Zhipu AI Unveils GLM-4.6V Multimodal Models: Native Tool Calling Powers Next-Gen AI Agents

Zhipu AI has introduced the latest additions to its GLM Vision family: the GLM-4.6V and GLM-4.6V-Flash multimodal language models. These models aim to provide robust multimodal capabilities for AI agent workflows. Despite being smaller in size compared to competitors like Qwen3-VL and Step3, the GLM-4.6V series delivers superior performance.

Key features of the GLM-4.6V series include:

Model Sizes and Deployment: The series comprises two models: GLM-4.6V (106B), the foundational model designed for cloud GPU clusters, offering the best response quality; and GLM-4.6V-Flash (9B), a lightweight version suitable for local deployment.
Extended Context Length: Both models boast a 128K context length, enabling them to process lengthy documents and engage in extended, coherent conversations with users.
Native Multimodal Tool Use: A significant advancement, GLM-4.6V models natively support multimodal tool calling. This eliminates the need to chain separate LLMs with other vision models, allowing a single model to handle text output, process image/video/document inputs, and call tools as necessary. The models can also comprehend outputs from tools, such as rendered webpages, search results, and statistical charts. This capability streamlines the entire workflow from perception to reasoning and execution, significantly enhancing their potential for AI agent applications.
Rich Text Understanding: The GLM-4.6V models can accept complex inputs like research papers, reports, and slide decks to generate structured output, demonstrating their advanced text comprehension capabilities.

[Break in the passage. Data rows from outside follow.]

lemma decomp_length_joinpaths:
  assumes adm1: "admissible_decomp A \<gamma>1 n1 t1 c1" and adm2: "admissible_decomp A \<gamma>2 n2 t2 c2"
    and mid: "\<gamma>1 1 = \<gamma>2 0"
  shows "decomp_length (\<gamma>1 +++ \<gamma>2) (n1 + n2) (join_breaks n1 t1 t2) (join_charts n1 c1 c2)
    = decomp_length \<gamma>1 n1 t1 c1 + decomp_length \<gamma>2 n2 t2 c2"
  unfolding decomp_length_eq_sum sum_lessThan_add
proof (intro arg_cong2[where f = "(+)"] sum.cong refl)
  show "piece_length (\<gamma>1 +++ \<gamma>2) (join_breaks n1 t1 t2) (join_charts n1 c1 c2) i = piece_length \<gamma>1 t1 c1 i"
    if "i \<in> {..<n1}" for i
    using chart_piece_joinpaths_first[OF adm1, of i] that by blast
  show "piece_length (\<gamma>1 +++ \<gamma>2) (join_breaks n1 t1 t2) (join_charts n1 c1 c2) (n1 + j) = piece_length \<gamma>2 t2 c2 j"
    if "j \<in> {..<n2}" for j
    using chart_piece_joinpaths_second[OF adm1 adm2 mid, of j] that by blast
qed

lemma joinpaths_0_1: "(\<gamma>1 +++ \<gamma>2) 0 = \<gamma>1 0" "(\<gamma>1 +++ \<gamma>2) 1 = \<gamma>2 1"
  by (simp_all add: joinpaths_def)

lemma joinable_trans:
  assumes "joinable A x y" "joinable A y z"
  shows "joinable A x z"
proof -
  obtain \<gamma>1 n1 t1 c1 \<gamma>2 n2 t2 c2 where
    adm: "admissible_decomp A \<gamma>1 n1 t1 c1" "admissible_decomp A \<gamma>2 n2 t2 c2"
    and "\<gamma>1 0 = x" "\<gamma>1 1 = y" "\<gamma>2 0 = y" "\<gamma>2 1 = z"
    using assms unfolding joinable_def by blast
  then show ?thesis
    using admissible_decomp_joinpaths[OF adm] joinpaths_0_1 unfolding joinable_def by metis
qed

lemma riem_dist_triangle:
  assumes xy: "joinable A x y" and yz: "joinable A y z"
  shows "riem_dist A x z \<le> riem_dist A x y + riem_dist A y z"
proof -
  have "riem_dist A x z \<le> decomp_length \<gamma>1 n1 t1 c1 + decomp_length \<gamma>2 n2 t2 c2"
    if adm: "admissible_decomp A \<gamma>1 n1 t1 c1" "admissible_decomp A \<gamma>2 n2 t2 c2"
      and ends: "\<gamma>1 0 = x" "\<gamma>1 1 = y" "\<gamma>2 0 = y" "\<gamma>2 1 = z"
    for \<gamma>1 n1 t1 c1 \<gamma>2 n2 t2 c2
  proof -
    have mid: "\<gamma>1 1 = \<gamma>2 0" using ends by simp
    show ?thesis
      using riem_dist_le_length[OF admissible_decomp_joinpaths[OF adm mid]] decomp_length_joinpaths[OF adm mid]
        ends by (simp add: joinpaths_0_1)
  qed
  then have "riem_dist A x z - decomp_length \<gamma>2 n2 t2 c2 \<le> riem_dist A x y"
    if "admissible_decomp A \<gamma>2 n2 t2 c2" "\<gamma>2 0 = y" "\<gamma>2 1 = z" for \<gamma>2 n2 t2 c2
    using that by (intro riem_dist_greatest[OF xy]) (simp add: algebra_simps)
  then have "riem_dist A x z - riem_dist A x y \<le> riem_dist A y z"
    by (intro riem_dist_greatest[OF yz]) (simp add: algebra_simps)
  then show ?thesis by simp
qed

end

section \<open>Curves leaving a coordinate ball\<close>

lemma norm_telescope_le:
  fixes F :: "nat \<Rightarrow> 'v::real_normed_vector"
  assumes "\<And>i. i < n \<Longrightarrow> norm (F (Suc i) - F i) \<le> L i"
  shows "norm (F n - F 0) \<le> (\<Sum>i<n. L i)"
proof -
  have "norm (F n - F 0) = norm (\<Sum>i<n. F (Suc i) - F i)" by (simp add: sum_lessThan_telescope)
  also have "\<dots> \<le> (\<Sum>i<n. norm (F (Suc i) - F i))" by (rule norm_sum)
  also have "\<dots> \<le> (\<Sum>i<n. L i)" using assms by (intro sum_mono) simp
  finally show ?thesis .
qed

lemma first_exit_time:
  fixes \<gamma> :: "real \<Rightarrow> 'a::topological_space"
  assumes \<gamma>: "continuous_on {0..1} \<gamma>" and U: "open U" and K: "closed K" "U \<subseteq> K"
    and start: "\<gamma> 0 \<in> U" and finish: "\<gamma> 1 \<notin> U"
  obtains \<tau> where "0 < \<tau>" "\<tau> \<le> 1" "\<gamma> ` {0..\<tau>} \<subseteq> K" "\<gamma> \<tau> \<notin> U"
proof -
  define E where "E = {0..1} \<inter> \<gamma> -` (- U)"
  define \<tau> where "\<tau> = Inf E"
  have "closed E" unfolding E_def using U by (intro continuous_closed_preimage[OF \<gamma>]) auto
  moreover have E: "1 \<in> E" "bdd_below E" unfolding E_def using finish by (auto intro: bdd_belowI[of _ 0])
  ultimately have "\<tau> \<in> E" unfolding \<tau>_def by (intro closed_contains_Inf) auto
  then have \<tau>: "0 < \<tau>" "\<tau> \<le> 1" "\<gamma> \<tau> \<notin> U"
    using start unfolding E_def by (auto simp: order.order_iff_strict)
  have "\<gamma> s \<in> U" if "s \<in> {0..<\<tau>}" for s
  proof (rule ccontr)
    assume "\<gamma> s \<notin> U"
    then have "s \<in> E" using that \<tau> unfolding E_def by auto
    then show False using cInf_lower[OF _ E(2), of s] that unfolding \<tau>_def by auto
  qed
  then have "{0..<\<tau>} \<subseteq> {0..\<tau>} \<inter> \<gamma> -` K" using K(2) by fastforce
  moreover have "closed ({0..\<tau>} \<inter> \<gamma> -` K)"
    using \<tau>(2) by (intro continuous_closed_preimage[OF continuous_on_subset[OF \<gamma>]] K) auto
  ultimately have "closure {0..<\<tau>} \<subseteq> {0..\<tau>} \<inter> \<gamma> -` K" by (rule closure_minimal)
  then have "\<gamma> ` {0..\<tau>} \<subseteq> K" using \<tau>(1) by auto
  with \<tau> that show ?thesis by blast
qed

context riemannian
begin
theorem corollary4p9:
  fixes br :: "'a::euclidean_space \<Rightarrow> 'a \<Rightarrow> 'a" and g :: "'a \<Rightarrow> 'a \<Rightarrow> real"
  assumes "lie_algebra br" and "two_step_nilpotent br"
    and "pseudo_metric g"
    and "nondeg_on g (center br)"
  shows "pseudo_H_type g br \<longleftrightarrow>
    (\<forall>z\<in>center br. \<forall>x\<in>vpart g br. nondeg_plane g z x \<longrightarrow> sec_curv g br z x = 1/4)"
proof -
  interpret two_step_metric_lie_algebra g br
    using assms by unfold_locales
  show ?thesis
    unfolding pseudo_H_type_iff_jmap_norm sec_curv_quarter_iff
    using jmap_norm_if_nonnull by blast
qed

end
definition valid_tree ::
  "nat \<Rightarrow> nat \<Rightarrow> nat \<Rightarrow> 'v set \<Rightarrow> 'v \<Rightarrow> ('v \<Rightarrow> 'v) \<Rightarrow> ('v \<Rightarrow> nat \<Rightarrow> nat) \<Rightarrow> bool" where
  "valid_tree p s N V r par lab \<longleftrightarrow>
     rooted_tree V r par \<and>
     (\<forall>v\<in>V. lab v \<in> gf p s) \<and>
     (\<forall>v\<in>V. level par r v \<le> N - 1 \<longrightarrow> lab v = gzero) \<and>
     (\<forall>c. set c \<subseteq> gf p s \<and> length c = N \<longrightarrow>
          (\<exists>!v. path_start V r par N v \<and> path_labels par lab N v = c))"

definition tt_level ::
  "'v set \<Rightarrow> 'v \<Rightarrow> ('v \<Rightarrow> 'v) \<Rightarrow> ('v \<Rightarrow> nat \<Rightarrow> nat) \<Rightarrow> nat \<Rightarrow> (nat \<Rightarrow> nat) list \<Rightarrow> nat" where
  "tt_level V r par lab N c =
     level par r (THE v. path_start V r par N v \<and> path_labels par lab N v = c) - (N - 1)"

definition succ_D ::
  "nat \<Rightarrow> nat \<Rightarrow> 'v set \<Rightarrow> 'v \<Rightarrow> ('v \<Rightarrow> 'v) \<Rightarrow> ('v \<Rightarrow> nat \<Rightarrow> nat) \<Rightarrow> nat \<Rightarrow>
     (nat \<Rightarrow> nat) list \<Rightarrow> (nat \<Rightarrow> nat) set" where
  "succ_D p s V r par lab N B =
     {d \<in> gf p s. tt_level V r par lab N (tl B @ [d]) < tt_level V r par lab N B}"
lemma vanishing_order_ge: "translate a h \<noteq> 0 \<Longrightarrow> (\<And>g. g \<in> keys (translate a h) \<Longrightarrow> m \<le> total_degree g) \<Longrightarrow> m \<le> vanishing_order h a"
  unfolding vanishing_order_def by (subst Min_ge_iff) auto

lemma vanishing_order_attained: "translate a h \<noteq> 0 \<Longrightarrow> \<exists>g\<in>keys (translate a h). total_degree g = vanishing_order h a"
  unfolding vanishing_order_def by (metis (mono_tags, lifting) Min_in empty_iff finite_imageI finite_keys image_iff image_is_empty keys_eq_empty)

text \<open>\<open>last_var_poly r h\<close> regards \<open>h \<in> K[x\<^sub>0, \<dots>, x\<^sub>r]\<close> as a polynomial in \<open>x\<^sub>0, \<dots>, x\<^sub>r\<^sub>-\<^sub>1\<close>
  whose coefficients are univariate polynomials in \<open>x\<^sub>r\<close>.\<close>

definition last_var_poly :: "nat \<Rightarrow> 'a::comm_ring_1 mpoly \<Rightarrow> 'a poly mpoly" where
  "last_var_poly r h = msubst (mconst \<circ> const_poly) (\<lambda>i. if i \<in> {..<r} then mvar i else mconst [:0, 1:]) h"

lemma last_var_poly_eq_sum:
  fixes h :: "'a::comm_ring_1 mpoly"
  assumes "vars_less (Suc r) h"
  shows "last_var_poly r h = (\<Sum>a\<in>keys h. single (monom_restrict a {..<r}) (monom (lookup h a) (lookup a r)))"
  unfolding last_var_poly_def msubst_def
proof (rule sum.cong[OF refl])
  fix a assume a: "a \<in> keys h"
  have ka: "keys a \<subseteq> {..<Suc r}" using assms a by (simp add: vars_less_def)
  have p: "(\<Prod>i\<in>keys a - {..<r}. [:0, 1:] ^ lookup a i) = ([:0, 1:] :: 'a poly) ^ lookup a r"
  proof (cases "r \<in> keys a")
    case True
    then have "keys a - {..<r} = {r}" using ka by auto
    then show ?thesis by simp
  next
    case False
    then have e: "keys a - {..<r} = {}" using ka by (auto simp: less_Suc_eq)
    have "lookup a r = 0" using False by (simp add: in_keys_iff)
    then show ?thesis unfolding e by simp
  qed
  have "eval_monom (\<lambda>i. if i \<in> {..<r} then mvar i else mconst [:0, 1:]) a
      = single (monom_restrict a {..<r}) (([:0, 1:] :: 'a poly) ^ lookup a r)"
    by (subst eval_monom_mvar_mconst[where g="\<lambda>i. [:0, 1:]" and I="{..<r}"]) (simp_all only: p)
  then show "(mconst \<circ> const_poly) (lookup h a) * eval_monom (\<lambda>i. if i \<in> {..<r} then mvar i else mconst [:0, 1:]) a =
      single (monom_restrict a {..<r}) (monom (lookup h a) (lookup a r))"
    by (simp add: mconst_def mult_single monom_altdef)
qed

Developers can leverage the Hugging Face Transformers library to perform inference with GLM-4.6V models. The models also facilitate the creation of Gradio applications for use cases such as OCR (Optical Character Recognition) and image-to-HTML conversion.

The introduction of GLM-4.6V marks a substantial step forward in multimodal understanding and execution for AI agents, laying a strong foundation for building more intelligent and autonomous local AI agent workflows.